Теперь у меня было достаточно денег, чтобы предпринимать частые экскурсии в Версаль, а это давало мне возможность все глубже окунаться в требуемую атмосферу. Повторилось, но в еще большей степени, то, что я уже испытал в России в острый период своего увлечения Царским Селом и Петергофом. И на сей раз я доходил подчас до чего-то близкого к галлюцинации — особенно когда я, получив на то разрешение, часами бродил по парадным залам дворца или по тем комнатам Северного аттика, где была сгруппирована богатейшая коллекция портретов разных эпох. Полное одиночество получалось там в пасмурные и ненастные дни, которые я вообще любил и без того и которые не способны были меня удержать от паломничества к тем личностям, с которыми я вошел в какой-то интимный контакт благодаря чтению мемуаров и исторических книг.
В это же время стала сильно пополняться моя собственная коллекция.
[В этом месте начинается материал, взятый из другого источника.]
lemma F_op_truncation_close:
  fixes K :: "'k::euclidean_space \<Rightarrow> 'k \<Rightarrow> real^'n^'m" and x :: "'k \<Rightarrow> real^'n"
  assumes \<Omega>: "compact \<Omega>" and K: "continuous_on (\<Omega> \<times> \<Omega>) (\<lambda>(\<xi>, s). K \<xi> s)"
    and p: "p \<ge> 1" and \<gamma>: "\<gamma> > 0" and x: "x \<in> Bp \<Omega> p r" and \<xi>: "\<xi> \<in> \<Omega>"
  shows "norm (F_op \<Omega> K x \<xi> - F_op \<Omega> K (truncation \<gamma> x) \<xi>) \<le> Mker \<Omega> K * r powr p / \<gamma> powr (p - 1)"
proof -
  let ?L = "lebesgue_on \<Omega>" and ?y = "truncation \<gamma> x"
  have x_Lp: "x \<in> Lp_space \<Omega> p" using x by (simp add: Bp_def)
  have x_int: "integrable ?L x"
    using lmeasurable_compact[OF \<Omega>] p x_Lp by (rule integrable_Lp_space)
  have y_int: "integrable ?L ?y"
    using lmeasurable_compact[OF \<Omega>] p truncation_in_Bp_gamma[OF x, of \<gamma>] \<gamma>
    by (intro integrable_Lp_space) (auto simp: Bp_gamma_def Bp_def)
  have M: "0 \<le> Mker \<Omega> K"
    using norm_le_Mker[OF \<Omega> K \<xi> \<xi>] norm_ge_zero order_trans by blast
  have "norm (F_op \<Omega> K x \<xi> - F_op \<Omega> K ?y \<xi>) \<le> Mker \<Omega> K * (LINT s|?L. norm (x s - ?y s))"
    using F_op_diff[OF \<Omega> K \<xi> x_int y_int] norm_F_op_le[OF \<Omega> K \<xi>] x_int y_int by simp
  also have "\<dots> \<le> Mker \<Omega> K * (LINT s|?L. norm (x s) powr p / \<gamma> powr (p - 1))"
    using M x_int y_int integrable_norm_powr_Lp_space[OF x_Lp] norm_sub_truncation_le[OF \<gamma> p]
    by (intro mult_left_mono integral_mono) auto
  also have "\<dots> = Mker \<Omega> K * (LINT s|?L. norm (x s) powr p) / \<gamma> powr (p - 1)"
    by simp
  also have "\<dots> \<le> Mker \<Omega> K * r powr p / \<gamma> powr (p - 1)"
    using M p integral_norm_powr_le_Bp[OF x] by (intro divide_right_mono mult_left_mono) auto
  finally show ?thesis .
qed

lemma hausdorff_q_le_of_subset:
  assumes sub: "V \<subseteq> U" and ne: "V \<noteq> {}"
    and approx: "\<And>u. u \<in> U \<Longrightarrow> \<exists>v\<in>V. Lp_norm \<Omega> q (\<lambda>\<xi>. u \<xi> - v \<xi>) \<le> B"
  shows "hausdorff_q \<Omega> q U V \<le> B"
proof -
  have bdd: "bdd_below ((\<lambda>w. Lp_norm \<Omega> q (g w)) ` S)" for g :: "_ \<Rightarrow> _ \<Rightarrow> _" and S
    using Lp_norm_nonneg by (intro bdd_belowI) auto
  obtain v0 where "v0 \<in> V" using ne by auto
  then have B: "0 \<le> B"
    using sub approx Lp_norm_nonneg order_trans by blast
  have "(INF v\<in>V. Lp_norm \<Omega> q (\<lambda>\<xi>. u \<xi> - v \<xi>)) \<le> B" if "u \<in> U" for u
    using approx[OF that] by (auto intro: cINF_lower2[OF bdd])
  moreover have "(INF u\<in>U. Lp_norm \<Omega> q (\<lambda>\<xi>. u \<xi> - v \<xi>)) \<le> B" if "v \<in> V" for v
    using that sub B by (intro cINF_lower2[OF bdd, of v]) (auto simp: Lp_norm_def)
  ultimately show ?thesis
    unfolding hausdorff_q_def using ne sub by (auto intro!: cSUP_least)
qed

theorem mainTheorem4:
  fixes \<Omega> :: "(real^'k) set"
    and K :: "real \<Rightarrow> real^'k \<Rightarrow> real^'k \<Rightarrow> real^'n^'m"
    and p q r lam \<gamma> :: real
  assumes "compact \<Omega>"
    and "p > 1" and "1 / p + 1 / q = 1" and "r > 0"
    and "lam > 0" and "\<gamma> > 0"
    and "continuous_on (\<Omega> \<times> \<Omega>) (\<lambda>(\<xi>, s). K lam \<xi> s)"
  shows "hausdorff_q \<Omega> q
           ((\<lambda>x. F_op \<Omega> (K lam) x) ` (Bp \<Omega> p r :: (real^'k \<Rightarrow> real^'n) set))
           ((\<lambda>x. F_op \<Omega> (K lam) x) ` (Bp_gamma \<Omega> p r \<gamma> :: (real^'k \<Rightarrow> real^'n) set))
         \<le> 2 * r powr p * measure lebesgue \<Omega> powr (1 / q) * Mker \<Omega> (K lam) / \<gamma> powr (p - 1)"
proof -
  note \<Omega> = assms(1) and p = assms(2) and \<gamma> = assms(6) and K = assms(7)
  let ?F = "\<lambda>x. F_op \<Omega> (K lam) x"
  let ?B = "Bp \<Omega> p r :: (real^'k \<Rightarrow> real^'n) set"
  let ?B\<gamma> = "Bp_gamma \<Omega> p r \<gamma> :: (real^'k \<Rightarrow> real^'n) set"
  define C where "C = Mker \<Omega> (K lam) * r powr p / \<gamma> powr (p - 1) * measure lebesgue \<Omega> powr (1 / q)"
  have "1 / q = 1 - 1 / p"
    using assms(3) by simp
  moreover have "1 / p < 1"
    using p by simp
  ultimately have "1 / q > 0"
    by linarith
  then have q: "q > 0"
    by simp
  have approx: "\<exists>y\<in>?B\<gamma>. Lp_norm \<Omega> q (\<lambda>\<xi>. ?F x \<xi> - ?F y \<xi>) \<le> C" if x: "x \<in> ?B" for x
  proof
    show "truncation \<gamma> x \<in> ?B\<gamma>"
      using x p \<gamma> by (intro truncation_in_Bp_gamma) auto
    show "Lp_norm \<Omega> q (\<lambda>\<xi>. ?F x \<xi> - ?F (truncation \<gamma> x) \<xi>) \<le> C"
      unfolding C_def using lmeasurable_compact[OF \<Omega>] q
      by (rule Lp_norm_le_const) (use F_op_truncation_close[OF \<Omega> K _ \<gamma> x] p in simp)
  qed
  have sub: "?B\<gamma> \<subseteq> ?B"
    by (auto simp: Bp_gamma_def)
  have zero: "(\<lambda>_. 0) \<in> ?B\<gamma>"
    using assms(4) p \<gamma> by (simp add: Bp_gamma_def Bp_def Lp_space_def Lp_norm_def)
  have "hausdorff_q \<Omega> q (?F ` ?B) (?F ` ?B\<gamma>) \<le> C"
  proof (rule hausdorff_q_le_of_subset)
    show "?F ` ?B\<gamma> \<subseteq> ?F ` ?B" "?F ` ?B\<gamma> \<noteq> {}"
      using sub zero by auto
    fix u assume "u \<in> ?F ` ?B"
    then obtain x where "x \<in> ?B" "u = ?F x" by blast
    then show "\<exists>v\<in>?F ` ?B\<gamma>. Lp_norm \<Omega> q (\<lambda>\<xi>. u \<xi> - v \<xi>) \<le> C"
      using approx by blast
  qed
  moreover have "0 \<le> C"
    using approx[of "\<lambda>_. 0"] zero sub Lp_norm_nonneg order_trans by blast
  ultimately show ?thesis
    unfolding C_def by (simp add: field_simps)
qed

end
Между прочим, я поставил себе за правило каждую неделю посещать халкографию Лувра, и каждый раз я с чувством охотника, овладевавшего какой-либо ценной дичью, уносил оттуда по гравюре, по две, по три, изображающие либо какие-то празднества в Версальском дворце, либо виды Парижа и его окрестностей XVIII века. Все чаще я заходил теперь в лавки Пруте и Манжена, а между мной и Костей Сомовым стал даже тогда намечаться род коллекционерского соревнования; до настоящей и болезненной конкуренции у нас все же с ним не дошло.
Вообще все это время в течение первых недель после возвращения из Петербурга у меня было довольно много свободного времени, так как Тенишевых не было в Париже. Позже, к весне, в мае, а именно с момента, когда прибыли к сезону обе княгини, — положение сильно изменилось. Возобновились обеды, завтраки, поздние беседы в будуаре княгини и разные выезды с Тенишевыми по выставкам, театрам, концертам. Я употреблял все старания, чтобы княгиня продолжала делать свои пополнения коллекции и русских и иностранных мастеров (между прочим, она купила тогда у Сомова его прелестную масляную картинку «В лесу», а Обер, по ее заказу, чудесно вылепил ее юркую собачку-грифона) и чтобы она забыла обиду, нанесенную ей отказом от принятия в музей иностранной части собрания. Временами мне удавалось и как бы гальванизировать ее коллекционерскую страсть. В то же время именно этот период можно считать за вершину нашей дружбы. Внимательное отношение княгини Марии Клавдиевны ко мне очень повысилось с момента моего успеха на выставке в Петербурге, а замечательный такт княгини Четвертинской скрашивал то, что было не совсем приятного в этом моем порабощении. Новой и самой увлекательной темой наших бесед был теперь затеянный Сережей наш журнал. Тенишева была тогда полна самых радужных надежд на этот счет и горела желанием лично как-то принимать участие в журнале. Ее, между прочим, занимала мысль создать обложку к нему, и она несколько часов в день проводила, запершись в комнате, служившей ей мастерской, в поисках композиции, которая выражала бы главную цель издания. Однако бедная Мария Клавдиевна так и не удостоилась чести выступить в собственном журнале. Сережа безжалостно и безапелляционно отверг этот опыт, и надо сказать, что он был совершенно прав. Зато княгине эта неудача не могла послужить поощрением к дальнейшему активному участию в том органе, который она считала своим и который ей уже начинал стоить немало денег.